Ferguson v. City of Charleston

532 U.S. 67

Case Year: 2001

Case Ruling: 6-3, Reversed and Remanded

Opinion Justice: Stevens

FACTS

Staff members at Charleston's public hospital, which is operated by the Medical University of South Carolina (MUSC), became concerned about an apparent increase in the use of cocaine by patients receiving prenatal treatment. When voluntary counseling programs were found to be ineffective, the MUSC adopted a twelve-page document entitled "POLICY M-7."

As ultimately modified, Policy M-7 set forth the procedure to be followed by the hospital staff to identify and assist pregnant patients suspected of drug abuse. The first section, "Identification of Drug Abusers," provided that a patient should be tested for cocaine through a urine drug screen if she met one or more of various criteria. These measures highlighted women who had not received complete natal care or who had conditions that might place the fetus in jeopardy. The urine samples were to be preserved in a way that the results could be used in possible subsequent criminal proceedings. Patients who tested positive were referred for substance abuse treatment and education. Most important, the policy added a threat of law enforcement intervention that the city thought essential to the program's success in getting women into treatment and keeping them there. After the initial positive drug test, the police were to be notified and the patient arrested only if she tested positive for cocaine a second time or if she missed an appointment with a substance abuse counselor.
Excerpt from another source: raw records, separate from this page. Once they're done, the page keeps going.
lemma circ_n_eq_twisted_mult:
  assumes "nilpotent_class_le_2 G" "g \<in> carrier G" "h \<in> carrier G"
  shows "circ_n G n g h = twisted_mult G (\<lambda>x y. commutator G x y [^] n) g h"
proof -
  interpret commutator: alternating_central_pairing G "commutator G"
    using assms(1) by (rule commutator_alternating_central_pairing)
  define p where "p = g [^] n"
  have p: "p \<in> carrier G"
    using assms by (simp add: p_def)
  have "circ_n G n g h = g \<otimes> (commutator G p h \<otimes> h)"
    using assms p by (simp add: circ_n_def p_def int_pow_neg commutator_def m_assoc)
  also have "\<dots> = g \<otimes> h \<otimes> commutator G p h"
    using assms p by (simp add: m_assoc central_commute[of "commutator G p h" h])
  finally show ?thesis
    using assms by (simp add: twisted_mult_def p_def commutator.pairing_int_pow_left)
qed

end

theorem mainTheorem8:
  fixes G :: "('a, 'b) monoid_scheme"
  assumes "group G"
    and "nilpotent_class_le_2 G"
  shows "brace_block (carrier G) (range (circ_n G))"
proof -
  interpret group G by fact
  interpret commutator: alternating_central_pairing G "commutator G"
    using assms(2) by (rule commutator_alternating_central_pairing)
  have "skew_brace (carrier G) (circ_n G m) (circ_n G n)" for m n
  proof -
    interpret m: alternating_central_pairing G "\<lambda>x y. commutator G x y [^]\<^bsub>G\<^esub> m"
      by (rule commutator.int_pow_alternating_central_pairing)
    show ?thesis
      by (rule m.skew_brace_twisted_mult[OF commutator.int_pow_alternating_central_pairing])
        (simp_all add: circ_n_eq_twisted_mult assms(2))
  qed
  then show ?thesis
    unfolding brace_block_def bi_skew_brace_def by blast
qed

end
The last six pages of the document contained forms for the patients to sign, as well as procedures for the police to follow when a patient was arrested. The policy also described in detail the precise offenses with which a woman could be charged, depending on the stage of her pregnancy. Up to and including the twenty-seventh week of pregnancy the patient could be charged with simple possession. If the pregnancy had reached its twenty-eighth week or beyond, she could be charged with possession and distribution to a person under the age of eighteen, in this case the fetus. If she delivered while testing positive for illegal drugs, she could be charged with unlawful neglect of a child. Under the policy, the police were instructed to interrogate the arrestee to ascertain the identity of the person who provided illegal drugs to the patient.
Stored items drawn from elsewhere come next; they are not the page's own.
lemma layer_energy_balance:
  fixes R A :: "'a::real_inner \<Rightarrow> 'a"
  assumes lR: "linear R" and lA: "linear A"
    and sR: "\<And>x z. inner (R x) z = inner x (R z)"
    and sA: "\<And>x z. inner (A x) z = inner x (A z)"
    and tau: "\<tau> \<noteq> 0"
    and scheme: "\<phi> = (1/\<tau>\<^sup>2) *\<^sub>R R (p - 2 *\<^sub>R q + r) + (1/4) *\<^sub>R A (p - 2 *\<^sub>R q + r) + A q"
  shows "layer_energy A R \<tau> p q = layer_energy A R \<tau> q r + inner \<phi> (p - r)"
proof -
  have move: "inner x (R z) = inner (R x) z" "inner x (A z) = inner (A x) z" for x z
    using sR sA by simp_all
  have swap: "inner (R q) p = inner (R p) q" "inner (R r) p = inner (R p) r" "inner (R r) q = inner (R q) r"
    "inner (A q) p = inner (A p) q" "inner (A r) p = inner (A p) r" "inner (A r) q = inner (A q) r"
    using sR sA by (simp_all add: inner_commute)
  show ?thesis
    unfolding scheme layer_energy_def sqnorm_op_def
    by (simp add: linear_add[OF lR] linear_diff[OF lR] linear_scale[OF lR]
        linear_add[OF lA] linear_diff[OF lA] linear_scale[OF lA]
        inner_add_left inner_add_right inner_diff_left inner_diff_right move swap
        field_simps power2_eq_square tau)
qed

lemma layer_energy_estimate:
  fixes R A :: "'a::euclidean_space \<Rightarrow> 'a"
  assumes lR: "linear R" and lA: "linear A"
    and sR: "\<And>x z. inner (R x) z = inner x (R z)"
    and sA: "\<And>x z. inner (A x) z = inner x (A z)"
    and R_pos: "pos_def_op R" and A_nonneg: "\<And>x. 0 \<le> sqnorm_op A x"
    and tau: "\<tau> > 0"
    and scheme: "\<phi> = (1/\<tau>\<^sup>2) *\<^sub>R R (p - 2 *\<^sub>R q + r) + (1/4) *\<^sub>R A (p - 2 *\<^sub>R q + r) + A q"
  shows "layer_energy A R \<tau> p q
           \<le> exp \<tau> * layer_energy A R \<tau> q r + exp (0.75 * \<tau>) * \<tau> * sqnorm_op (inv R) \<phi>"
proof -
  define E1 E0 where "E1 = layer_energy A R \<tau> p q" and "E0 = layer_energy A R \<tau> q r"
  define v u where "v = (1/\<tau>) *\<^sub>R (p - q)" and "u = (1/\<tau>) *\<^sub>R (q - r)"
  define a where "a = sqrt (sqnorm_op (inv R) \<phi>)"
  note R_nonneg = sqnorm_op_nonneg[OF lR R_pos]
  have v: "sqnorm_op R v \<le> E1" and u: "sqnorm_op R u \<le> E0"
    using A_nonneg by (simp_all add: E1_def E0_def layer_energy_def v_def u_def)
  then have "0 \<le> E1" "0 \<le> E0"
    using R_nonneg order_trans by blast+
  have "0 \<le> a" "a\<^sup>2 = sqnorm_op (inv R) \<phi>"
    using R_nonneg[of "inv R \<phi>"] by (simp_all add: a_def sqnorm_op_inv[OF lR R_pos])
  have "inner \<phi> v \<le> a * sqrt E1" "inner \<phi> u \<le> a * sqrt E0"
    using inner_le_sqnorm_op_inv[OF lR sR R_pos, of \<phi>] v u \<open>0 \<le> a\<close>
    by (metis a_def mult_left_mono real_sqrt_le_mono order_trans)+
  moreover have "E1 = E0 + \<tau> * inner \<phi> v + \<tau> * inner \<phi> u"
  proof -
    have "p - r = \<tau> *\<^sub>R v + \<tau> *\<^sub>R u"
      using tau by (simp add: v_def u_def algebra_simps)
    then show ?thesis
      using layer_energy_balance[OF lR lA sR sA _ scheme] tau
      by (simp add: E1_def E0_def inner_add_right)
  qed
  ultimately have "E1 \<le> E0 + \<tau> * (a * sqrt E1) + \<tau> * (a * sqrt E0)"
    using tau by (smt (verit) mult_left_mono)
  then have "(sqrt E1)\<^sup>2 \<le> (sqrt E0)\<^sup>2 + \<tau> * a * (sqrt E1 + sqrt E0)"
    using \<open>0 \<le> E1\<close> \<open>0 \<le> E0\<close> by (simp add: algebra_simps)
  moreover have "0 \<le> \<tau> * a"
    using tau \<open>0 \<le> a\<close> by simp
  ultimately have "sqrt E1 \<le> sqrt E0 + \<tau> * a"
    using le_add_of_square_le real_sqrt_ge_zero \<open>0 \<le> E1\<close> \<open>0 \<le> E0\<close> by metis
  then have "(sqrt E1)\<^sup>2 \<le> (sqrt E0 + \<tau> * a)\<^sup>2"
    using real_sqrt_ge_zero[OF \<open>0 \<le> E1\<close>] by (rule power_mono)
  then have "E1 \<le> (sqrt E0 + \<tau> * a)\<^sup>2"
    using \<open>0 \<le> E1\<close> by simp
  also have "\<dots> \<le> exp \<tau> * E0 + exp (0.75 * \<tau>) * \<tau> * a\<^sup>2"
    using square_add_le_exp[of "sqrt E0" \<tau> a] \<open>0 \<le> E0\<close> tau by simp
  finally show ?thesis
    by (simp add: E1_def E0_def \<open>a\<^sup>2 = sqnorm_op (inv R) \<phi>\<close>)
qed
Suit was brought by Crystal Ferguson and nine other women who received obstetrical care at the MUSC and who were arrested after testing positive for cocaine. They challenged the validity of the policy under various theories, including the claim that warrantless and nonconsensual drug tests conducted for criminal investigatory purposes violated their Fourth Amendment guarantee against unreasonable searches and seizures.
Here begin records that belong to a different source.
definition Pi_class ::
  "(nat \<Rightarrow> 'o) \<Rightarrow> (nat \<Rightarrow> 'm) \<Rightarrow> (nat \<Rightarrow> 'm) \<Rightarrow> ('o \<Rightarrow> 'a set) \<Rightarrow> ('m \<Rightarrow> 'a \<Rightarrow> 'a) \<Rightarrow>
   nat \<Rightarrow> 'a \<Rightarrow> 'a set" where
  "Pi_class D sg tu GO GM n u = arr_sim D sg tu GO GM n `` {u}"

end

theory Submission
  imports Defs
begin

text \<open>
  The single mechanism of the proof: if \<open>h : D\<^sub>n\<^sub>+\<^sub>1 \<rightarrow> S\<close> is a morphism with
  \<open>h \<circ> \<sigma> = f\<close> and \<open>h \<circ> \<tau> = g\<close>, then for every \<open>x \<in> G(S)\<close> the (n+1)-arrow
  \<open>G(h)(x)\<close> goes from \<open>G(f)(x)\<close> to \<open>G(g)(x)\<close>, so \<open>G(f)(x) \<sim> G(g)(x)\<close>.
  In a contractible extension such an h exists whenever f, g are globularly
  parallel into a globular sum of dimension \<le> n+1.

  The two composition maps \<open>\<nabla>\<^sup>n\<^sub>n\<^sub>-\<^sub>1\<close>, and the two unit maps \<open>\<kappa>\<^sub>n\<^sub>-\<^sub>1\<close>, of the
  given structures are such parallel pairs (into \<open>D\<^sub>n \<amalg>\<^bsub>D\<^sub>n\<^sub>-\<^sub>1\<^esub> D\<^sub>n\<close> and \<open>D\<^sub>n\<^sub>-\<^sub>1\<close>
  respectively), so the two induced composites and units are \<open>\<sim>\<close>-related.
  Finally, any pregroupoidal structure makes \<open>\<sim>\<close> symmetric (via w) and
  transitive (via \<open>\<nabla>\<close>), hence related arrows have equal classes.
\<close>

lemma presheaf_map:
  "presheaf C GO GM \<Longrightarrow> f \<in> hom C X Y \<Longrightarrow> x \<in> GO Y \<Longrightarrow> GM f x \<in> GO X"
  unfolding presheaf_def by blast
The trial court jury decided in favor of the city. The court of appeals affirmed on the grounds that there were sufficient special needs, unrelated to law enforcement purposes, to justify such warrantless searches. The Supreme Court granted certiorari. Because the issue of proper consent had not been confronted by the court of appeals, the justices considered the case on the assumption that the urine testing procedures were done without the informed consent of the patients.


 

JUSTICE STEVENS DELIVERED THE OPINION OF THE COURT.

In this case, we must decide whether a state hospital's performance of a diagnostic test to obtain evidence of a patient's criminal conduct for law enforcement purposes is an unreasonable search if the patient has not consented to the procedure. More narrowly, the question is whether the interest in using the threat of criminal sanctions to deter pregnant women from using cocaine can justify a departure from the general rule that an official nonconsensual search is unconstitutional if not authorized by a valid warrant. . . .

Because the hospital seeks to justify its authority to conduct drug tests and to turn the results over to law enforcement agents without the knowledge or consent of the patients, this case differs from the four previous cases in which we have considered whether comparable drug tests "fit within the closely guarded category of constitutionally permissible suspicionless searches." In three of those cases, we sustained drug tests for railway employees involved in train accidents,Skinner v. Railway Labor Executives' Assn. (1989), for United States Customs Service employees seeking promotion to certain sensitive positions, Treasury Employees v. Von Raab (1989), and for high school students participating in interscholastic sports, Vernonia School Dist. 47J v. Acton (1995). In the fourth case, we struck down such testing for candidates for designated state offices as unreasonable. Chandler v. Miller (1997).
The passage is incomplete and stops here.